## TASK
Reproduce the entries that follow, exactly and in full.

**** PROVIDED RECORDS

(* Let $n\in\mathbb{N}$ and consider the equation $q_nx^n+\cdots+q_1x+q_0=0$ in the unknown $x\in\mathbb{H}$, with $q_n\neq 0$. (a) Suppose all $q_i$ are real, and the solution set of the equation in $\mathbb{C}$ is $\{\xi_1,\ldots,\xi_s,\zeta_1,\overline{\zeta_1},\ldots,\zeta_t,\overline{\zeta_t}\}$, where $\xi_1,\ldots,\xi_s$ are distinct real numbers and $\zeta_1,\ldots,\zeta_t$ are distinct nonreal complex numbers. Then the solution set in $\mathbb{H}$ is $\{\xi_1,\ldots,\xi_s\}\cup[\zeta_1]\cup\cdots\cup[\zeta_t]$. (b) More generally, suppose all $q_i$ are complex numbers and the solution set of the equation in $\mathbb{C}$ is $\{\xi_1,\ldots,\xi_s,\eta_1,\ldots,\eta_k,\zeta_1,\overline{\zeta_1},\ldots,\zeta_t,\overline{\zeta_t}\}$, where $\xi_1,\ldots,\xi_s$ are distinct real numbers, $\eta_1,\ldots,\eta_k,\zeta_1,\ldots,\zeta_t$ are distinct nonreal complex numbers, and no $\overline{\eta_i}$ is a root of the equation. Then the solution set in $\mathbb{H}$ is $\{\xi_1,\ldots,\xi_s,\eta_1,\ldots,\eta_k\}\cup[\zeta_1]\cup\cdots\cup[\zeta_t]$. (c) Let $p_1,\ldots,p_n\in\mathbb{H}$ with $p_n\neq0$, $d_0\in\{0,1\}$, and let $f_1,f_2,\bar f_1,\bar f_2$ be the derived polynomials of the equation $p_nx^n+\cdots+p_1x+d_0=0$. Then this equation has only finitely many solutions in $\mathbb{H}$ if and only if the complex polynomial $\gcd(f_1,f_2,\bar f_1,\bar f_2)$ has no nonreal complex root, if and only if the complex polynomial $\gcd(f_1,f_2)$ has no pair of nonreal conjugate complex roots (i.e., there is no nonreal $c\in\mathbb{C}$ with $c$ and $\bar c$ both roots of $\gcd(f_1,f_2)$).
   Context: $\mathbb{H}$ denotes the real quaternions with units $\mathbf{i},\mathbf{j},\mathbf{k}$, and $\mathbb{C}=\mathbb{R}\oplus\mathbb{R}\mathbf{i}\subset\mathbb{H}$. For $q\in\mathbb{H}$, $[q]=\{aqa^{-1}:a\in\mathbb{H},a\neq0\}$. Derived polynomials: writing $p_i=t_1^{(i)}+t_2^{(i)}\mathbf{j}$ with $t_1^{(i)},t_2^{(i)}\in\mathbb{C}$, set $f_1(t)=t_1^{(n)}t^n+\cdots+t_1^{(1)}t+d_0$, $f_2(t)=t_2^{(n)}t^n+\cdots+t_2^{(1)}t$, $\bar f_1(t)=\overline{t_1^{(n)}}t^n+\cdots+\overline{t_1^{(1)}}t+d_0$, $\bar f_2(t)=\overline{t_2^{(n)}}t^n+\cdots+\overline{t_2^{(1)}}t$, regarded as polynomials in $\mathbb{C}[t]$. *)

theory Defs
  imports "HOL-Analysis.Analysis" "HOL-Computational_Algebra.Polynomial_Factorial" "HOL-Computational_Algebra.Field_as_Ring"
begin

text \<open>Real quaternions, represented in Cayley--Dickson form q = z1 + z2 j with z1, z2 complex
  (C = R + R i inside H).  Multiplication: (a + b j)(c + d j) = (a c - b cnj d) + (a d + b cnj c) j.\<close>

datatype quat = Quat (qfst: complex) (qsnd: complex)

lemma quat_eq_iff: "x = y \<longleftrightarrow> qfst x = qfst y \<and> qsnd x = qsnd y"
  by (cases x; cases y) auto

instantiation quat :: division_ring
begin
definition "0 = Quat 0 0"
definition "1 = Quat 1 0"
definition "x + y = Quat (qfst x + qfst y) (qsnd x + qsnd y)"
definition "x - y = Quat (qfst x - qfst y) (qsnd x - qsnd y)"
definition "- x = Quat (- qfst x) (- qsnd x)"
definition "x * y = Quat (qfst x * qfst y - qsnd x * cnj (qsnd y))
                         (qfst x * qsnd y + qsnd x * cnj (qfst y))"
definition "inverse x = (let r = complex_of_real ((cmod (qfst x))\<^sup>2 + (cmod (qsnd x))\<^sup>2)
                         in Quat (cnj (qfst x) / r) (- qsnd x / r))"
definition "x div (y::quat) = x * inverse y"
instance
proof
  fix a b c :: quat
  show "a * b * c = a * (b * c)"
    by (simp add: times_quat_def algebra_simps)
  show "(a + b) * c = a * c + b * c"
    by (simp add: times_quat_def plus_quat_def algebra_simps)
  show "a * (b + c) = a * b + a * c"
    by (simp add: times_quat_def plus_quat_def algebra_simps)
  show "a + b + c = a + (b + c)" by (simp add: plus_quat_def algebra_simps)
  show "a + b = b + a" by (simp add: plus_quat_def algebra_simps)
  show "0 + a = a" by (simp add: plus_quat_def zero_quat_def)
  show "- a + a = 0" by (simp add: plus_quat_def zero_quat_def uminus_quat_def)
  show "a - b = a + - b" by (simp add: plus_quat_def minus_quat_def uminus_quat_def)
  show "1 * a = a" by (simp add: times_quat_def one_quat_def)
  show "a * 1 = a" by (simp add: times_quat_def one_quat_def)
  show "(0::quat) \<noteq> 1" by (simp add: zero_quat_def one_quat_def)
  show "a div b = a * inverse b" by (simp add: divide_quat_def)
  show "inverse (0::quat) = 0" by (simp add: inverse_quat_def zero_quat_def)
next
  fix a :: quat
  assume "a \<noteq> 0"
  define A where "A = qfst a"
  define B where "B = qsnd a"
  define r where "r = complex_of_real ((cmod A)\<^sup>2 + (cmod B)\<^sup>2)"
  have nz: "(cmod A)\<^sup>2 + (cmod B)\<^sup>2 \<noteq> 0"
    using \<open>a \<noteq> 0\<close> unfolding A_def B_def
    by (cases a) (auto simp: zero_quat_def add_nonneg_eq_0_iff)
  then have rnz: "r \<noteq> 0" unfolding r_def of_real_eq_0_iff by blast
  have rr: "A * cnj A + B * cnj B = r"
    unfolding r_def using complex_norm_square[of A] complex_norm_square[of B] by simp
  have cr: "cnj r = r" unfolding r_def by simp
  have inv: "inverse a = Quat (cnj A / r) (- B / r)"
    by (simp add: inverse_quat_def A_def B_def r_def Let_def)
  show "inverse a * a = 1"
  proof -
    have "cnj A / r * A - (- B / r) * cnj B = 1"
      using rr rnz by (simp add: field_simps mult.commute)
    moreover have "cnj A / r * B + (- B / r) * cnj A = 0"
      by (simp add: field_simps mult.commute)
    ultimately show ?thesis
      by (simp add: inv times_quat_def one_quat_def A_def B_def)
  qed
  show "a * inverse a = 1"
  proof -
    have "A * (cnj A / r) - B * cnj (- B / r) = 1"
      using rr rnz cr by (simp add: field_simps)
    moreover have "A * (- B / r) + B * cnj (cnj A / r) = 0"
      using cr by (simp add: field_simps mult.commute)
    ultimately show ?thesis
      by (simp add: inv times_quat_def one_quat_def A_def B_def)
  qed
qed
end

********

## RESPONSE TO THE TASK
(* Let $n\in\mathbb{N}$ and consider the equation $q_nx^n+\cdots+q_1x+q_0=0$ in the unknown $x\in\mathbb{H}$, with $q_n\neq 0$. (a) Suppose all $q_i$ are real, and the solution set of the equation in $\mathbb{C}$ is $\{\xi_1,\ldots,\xi_s,\zeta_1,\overline{\zeta_1},\ldots,\zeta_t,\overline{\zeta_t}\}$, where $\xi_1,\ldots,\xi_s$ are distinct real numbers and $\zeta_1,\ldots,\zeta_t$ are distinct nonreal complex numbers. Then the solution set in $\mathbb{H}$ is $\{\xi_1,\ldots,\xi_s\}\cup[\zeta_1]\cup\cdots\cup[\zeta_t]$. (b) More generally, suppose all $q_i$ are complex numbers and the solution set of the equation in $\mathbb{C}$ is $\{\xi_1,\ldots,\xi_s,\eta_1,\ldots,\eta_k,\zeta_1,\overline{\zeta_1},\ldots,\zeta_t,\overline{\zeta_t}\}$, where $\xi_1,\ldots,\xi_s$ are distinct real numbers, $\eta_1,\ldots,\eta_k,\zeta_1,\ldots,\zeta_t$ are distinct nonreal complex numbers, and no $\overline{\eta_i}$ is a root of the equation. Then the solution set in $\mathbb{H}$ is $\{\xi_1,\ldots,\xi_s,\eta_1,\ldots,\eta_k\}\cup[\zeta_1]\cup\cdots\cup[\zeta_t]$. (c) Let $p_1,\ldots,p_n\in\mathbb{H}$ with $p_n\neq0$, $d_0\in\{0,1\}$, and let $f_1,f_2,\bar f_1,\bar f_2$ be the derived polynomials of the equation $p_nx^n+\cdots+p_1x+d_0=0$. Then this equation has only finitely many solutions in $\mathbb{H}$ if and only if the complex polynomial $\gcd(f_1,f_2,\bar f_1,\bar f_2)$ has no nonreal complex root, if and only if the complex polynomial $\gcd(f_1,f_2)$ has no pair of nonreal conjugate complex roots (i.e., there is no nonreal $c\in\mathbb{C}$ with $c$ and $\bar c$ both roots of $\gcd(f_1,f_2)$).
   Context: $\mathbb{H}$ denotes the real quaternions with units $\mathbf{i},\mathbf{j},\mathbf{k}$, and $\mathbb{C}=\mathbb{R}\oplus\mathbb{R}\mathbf{i}\subset\mathbb{H}$. For $q\in\mathbb{H}$, $[q]=\{aqa^{-1}:a\in\mathbb{H},a\neq0\}$. Derived polynomials: writing $p_i=t_1^{(i)}+t_2^{(i)}\mathbf{j}$ with $t_1^{(i)},t_2^{(i)}\in\mathbb{C}$, set $f_1(t)=t_1^{(n)}t^n+\cdots+t_1^{(1)}t+d_0$, $f_2(t)=t_2^{(n)}t^n+\cdots+t_2^{(1)}t$, $\bar f_1(t)=\overline{t_1^{(n)}}t^n+\cdots+\overline{t_1^{(1)}}t+d_0$, $\bar f_2(t)=\overline{t_2^{(n)}}t^n+\cdots+\overline{t_2^{(1)}}t$, regarded as polynomials in $\mathbb{C}[t]$. *)

theory Defs
  imports "HOL-Analysis.Analysis" "HOL-Computational_Algebra.Polynomial_Factorial" "HOL-Computational_Algebra.Field_as_Ring"
begin

text \<open>Real quaternions, represented in Cayley--Dickson form q = z1 + z2 j with z1, z2 complex
  (C = R + R i inside H).  Multiplication: (a + b j)(c + d j) = (a c - b cnj d) + (a d + b cnj c) j.\<close>

datatype quat = Quat (qfst: complex) (qsnd: complex)

lemma quat_eq_iff: "x = y \<longleftrightarrow> qfst x = qfst y \<and> qsnd x = qsnd y"
  by (cases x; cases y) auto

instantiation quat :: division_ring
begin
definition "0 = Quat 0 0"
definition "1 = Quat 1 0"
definition "x + y = Quat (qfst x + qfst y) (qsnd x + qsnd y)"
definition "x - y = Quat (qfst x - qfst y) (qsnd x - qsnd y)"
definition "- x = Quat (- qfst x) (- qsnd x)"
definition "x * y = Quat (qfst x * qfst y - qsnd x * cnj (qsnd y))
                         (qfst x * qsnd y + qsnd x * cnj (qfst y))"
definition "inverse x = (let r = complex_of_real ((cmod (qfst x))\<^sup>2 + (cmod (qsnd x))\<^sup>2)
                         in Quat (cnj (qfst x) / r) (- qsnd x / r))"
definition "x div (y::quat) = x * inverse y"
instance
proof
  fix a b c :: quat
  show "a * b * c = a * (b * c)"
    by (simp add: times_quat_def algebra_simps)
  show "(a + b) * c = a * c + b * c"
    by (simp add: times_quat_def plus_quat_def algebra_simps)
  show "a * (b + c) = a * b + a * c"
    by (simp add: times_quat_def plus_quat_def algebra_simps)
  show "a + b + c = a + (b + c)" by (simp add: plus_quat_def algebra_simps)
  show "a + b = b + a" by (simp add: plus_quat_def algebra_simps)
  show "0 + a = a" by (simp add: plus_quat_def zero_quat_def)
  show "- a + a = 0" by (simp add: plus_quat_def zero_quat_def uminus_quat_def)
  show "a - b = a + - b" by (simp add: plus_quat_def minus_quat_def uminus_quat_def)
  show "1 * a = a" by (simp add: times_quat_def one_quat_def)
  show "a * 1 = a" by (simp add: times_quat_def one_quat_def)
  show "(0::quat) \<noteq> 1" by (simp add: zero_quat_def one_quat_def)
  show "a div b = a * inverse b" by (simp add: divide_quat_def)
  show "inverse (0::quat) = 0" by (simp add: inverse_quat_def zero_quat_def)
next
  fix a :: quat
  assume "a \<noteq> 0"
  define A where "A = qfst a"
  define B where "B = qsnd a"
  define r where "r = complex_of_real ((cmod A)\<^sup>2 + (cmod B)\<^sup>2)"
  have nz: "(cmod A)\<^sup>2 + (cmod B)\<^sup>2 \<noteq> 0"
    using \<open>a \<noteq> 0\<close> unfolding A_def B_def
    by (cases a) (auto simp: zero_quat_def add_nonneg_eq_0_iff)
  then have rnz: "r \<noteq> 0" unfolding r_def of_real_eq_0_iff by blast
  have rr: "A * cnj A + B * cnj B = r"
    unfolding r_def using complex_norm_square[of A] complex_norm_square[of B] by simp
  have cr: "cnj r = r" unfolding r_def by simp
  have inv: "inverse a = Quat (cnj A / r) (- B / r)"
    by (simp add: inverse_quat_def A_def B_def r_def Let_def)
  show "inverse a * a = 1"
  proof -
    have "cnj A / r * A - (- B / r) * cnj B = 1"
      using rr rnz by (simp add: field_simps mult.commute)
    moreover have "cnj A / r * B + (- B / r) * cnj A = 0"
      by (simp add: field_simps mult.commute)
    ultimately show ?thesis
      by (simp add: inv times_quat_def one_quat_def A_def B_def)
  qed
  show "a * inverse a = 1"
  proof -
    have "A * (cnj A / r) - B * cnj (- B / r) = 1"
      using rr rnz cr by (simp add: field_simps)
    moreover have "A * (- B / r) + B * cnj (cnj A / r) = 0"
      using cr by (simp add: field_simps mult.commute)
    ultimately show ?thesis
      by (simp add: inv times_quat_def one_quat_def A_def B_def)
  qed
qed
end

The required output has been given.